In relation to Chapter 2, the federation said the requirement to make a payment to the Secretary of State – to be calculated by reference to the market value of the high value vacant housing owned by the authority – was detrimental to councils’ ability to control their own resources and assets and make plans to build new homes in their areas.

“Chapter 2 in particular takes away local authorities’ control of their own assets, goes against the idea of localism and devolution and imposes control from the centre again after only a few years of true local control of council housing which has delivered some of the best use of assets and resources in the public sector,” it argued.

In relation to Chapter 4 the NFA said it believed that the proposed thresholds of £30k outside London and £40k inside London for defining “high income social tenants” were too low and would encompass households who were in receipt of benefit and/or receiving the minimum wage.
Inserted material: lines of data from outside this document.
text \<open>Since \<open>tau_star (hinv q) v\<close> points out of the ball at \<open>hinv q\<close>, so does \<open>tau_star (hinv q) u\<close>
  for every \<open>u\<close> close to \<open>v\<close>. Small dilates of \<open>q' \<in> Omega_eps\<close> are nearly horizontal in such a
  direction, hence their left translates by \<open>hinv q\<close> leave the unit ball.\<close>

lemma eventually_hdist_hdil_gt_1:
  assumes q: "q \<in> Omega (dcball d 0 1) v"
  shows "\<forall>\<^sub>F \<epsilon> in at_right 0. \<forall>q'\<in>Omega_eps (dcball d 0 1) \<epsilon> v.
           \<forall>\<^sub>F s in at_right 0. 1 < d q (hdil s q')"
proof -
  define w where "w = tau_star (hinv q) v"
  obtain U \<beta> where w: "w \<noteq> 0" and U: "open U" "hinv q \<in> U" and \<beta>: "0 < \<beta>" "\<beta> < pi/2"
    and cone: "dcball d 0 1 \<inter> cone (hinv q) w \<beta> \<inter> U = {hinv q}"
    using q by (auto simp: Omega_def points_out_def w_def)
  define g where "g y = cone_gap w \<beta> (tau_star (hinv q) y)" for y
  have g_cont: "isCont g y" for y
    unfolding g_def tau_star_components by (intro continuous_intros)
  have g_homog: "g (t *\<^sub>R y) = t * g y" if "0 < t" for t y
    using that by (simp add: g_def tau_star_scaleR cone_gap_scaleR)
  have "0 < g v"
    using cone_gap_axis_pos[OF w] \<beta> by (simp add: g_def w_def)
  then have "\<forall>\<^sub>F y in nhds v. 0 < g y"
    using g_cont by (intro order_tendstoD) (simp_all add: isCont_def tendsto_at_iff_tendsto_nhds)
  then obtain \<delta> where "0 < \<delta>" and g_pos: "\<And>y. dist y v < \<delta> \<Longrightarrow> 0 < g y"
    by (auto simp: eventually_nhds_metric)
  have "\<forall>q'\<in>Omega_eps (dcball d 0 1) \<epsilon> v. \<forall>\<^sub>F s in at_right 0. 1 < d q (hdil s q')"
    if "\<epsilon> < \<delta>" for \<epsilon>
  proof
    fix q' assume "q' \<in> Omega_eps (dcball d 0 1) \<epsilon> v"
    then obtain l u where "0 < l" "norm (u - v) \<le> \<epsilon>" "hpi q' = l *\<^sub>R u"
      unfolding Omega_eps_def by blast
    with that g_pos g_homog have "0 < g (hpi q')"
      by (simp add: dist_norm)
    then have "\<forall>\<^sub>F s in at_right 0. 0 < g (hdil s q')"
      using g_cont g_homog by (intro eventually_pos_hdil)
    moreover have "\<forall>\<^sub>F s in at_right 0. hmult (hinv q) (hdil s q') \<in> U"
      using tendsto_hmult_hdil U by (rule topological_tendstoD)
    ultimately show "\<forall>\<^sub>F s in at_right 0. 1 < d q (hdil s q')"
      by eventually_elim (use cone in \<open>auto simp: g_def intro: hdist_gt_1_if_in_cone\<close>)
  qed
  moreover have "\<forall>\<^sub>F \<epsilon> in at_right 0. \<epsilon> < \<delta>"
    using \<open>0 < \<delta>\<close> by (auto simp: eventually_at_right_field)
  ultimately show ?thesis
    by (auto elim: eventually_mono)
qed

lemma eventually_hdist_hdil_gt:
  assumes q: "q \<in> Omega (dcball d 0 1) v" and r: "0 < r"
  shows "\<forall>\<^sub>F \<epsilon> in at_right 0. \<forall>q'\<in>Omega_eps (dcball d 0 1) \<epsilon> v.
           \<forall>\<^sub>F t in at_right 0. r < d (hdil r q) (hdil t q')"
proof -
  have rescale: "filterlim (\<lambda>t. inverse r * t) (at_right 0) (at_right 0)"
    using filterlim_times_pos[where f="\<lambda>t. t" and p=0 and l=0 and c="inverse r", OF filterlim_ident] r
    by simp
  have scaled: "r < d (hdil r q) (hdil t q')" if "1 < d q (hdil (inverse r * t) q')" for t q'
  proof -
    have "hdil t q' = hdil r (hdil (inverse r * t) q')"
      using r by (simp add: hdil_hdil mult.assoc[symmetric])
    then have "d (hdil r q) (hdil t q') = r * d q (hdil (inverse r * t) q')"
      using r by (simp add: hdist_hdil)
    then show ?thesis
      using that r by simp
  qed
  show ?thesis
    using eventually_hdist_hdil_gt_1[OF q]
  proof (rule eventually_mono, intro ballI)
    fix \<epsilon> q'
    assume "\<forall>q'\<in>Omega_eps (dcball d 0 1) \<epsilon> v. \<forall>\<^sub>F s in at_right 0. 1 < d q (hdil s q')"
      and "q' \<in> Omega_eps (dcball d 0 1) \<epsilon> v"
    then have "\<forall>\<^sub>F s in at_right 0. 1 < d q (hdil s q')"
      by blast
    then have "\<forall>\<^sub>F t in at_right 0. 1 < d q (hdil (inverse r * t) q')"
      using rescale by (rule eventually_compose_filterlim)
    then show "\<forall>\<^sub>F t in at_right 0. r < d (hdil r q) (hdil t q')"
      by (rule eventually_mono) (rule scaled)
  qed
qed

lemma hdist_0_Omega_ball:
  assumes "(c, r) \<in> Omega_balls d v"
  shows "d 0 c = r"
proof -
  obtain q where "0 < r" "c = hdil r q" "q \<in> frontier (dcball d 0 1)"
    using assms by (auto simp: Omega_balls_def Omega_def)
  then show ?thesis
    using hdist_hdil[of r 0 q] hdist_frontier_dcball[of q 0 1] by simp
qed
It warned that introducing a threshold which was lower than £60k outside of London and £74k inside of London would seem punitive and penalise aspiration as well as increase the dis-incentives to work or working more hours.

The federation meanwhile said the Government’s proposed social rent policy of cutting rents by 1% a year for the next 4 years would do nothing to improve the situation and would conversely help to drive up costs in the welfare bill if nothing else changed to increase the supply of affordable housing.

“The rent cuts are particularly problematic in the council housing sector as our members have already made efficiency savings and tailored capital investment programmes to fit a reduced projected income stream due to the stopping of the rent restructuring policy early and the change from using RPI in the social rent formula to using the lower CPI figure,” it added.

“We have therefore already proposed that councils are allowed to continue to make the decisions with their tenants on their own future rent policy.”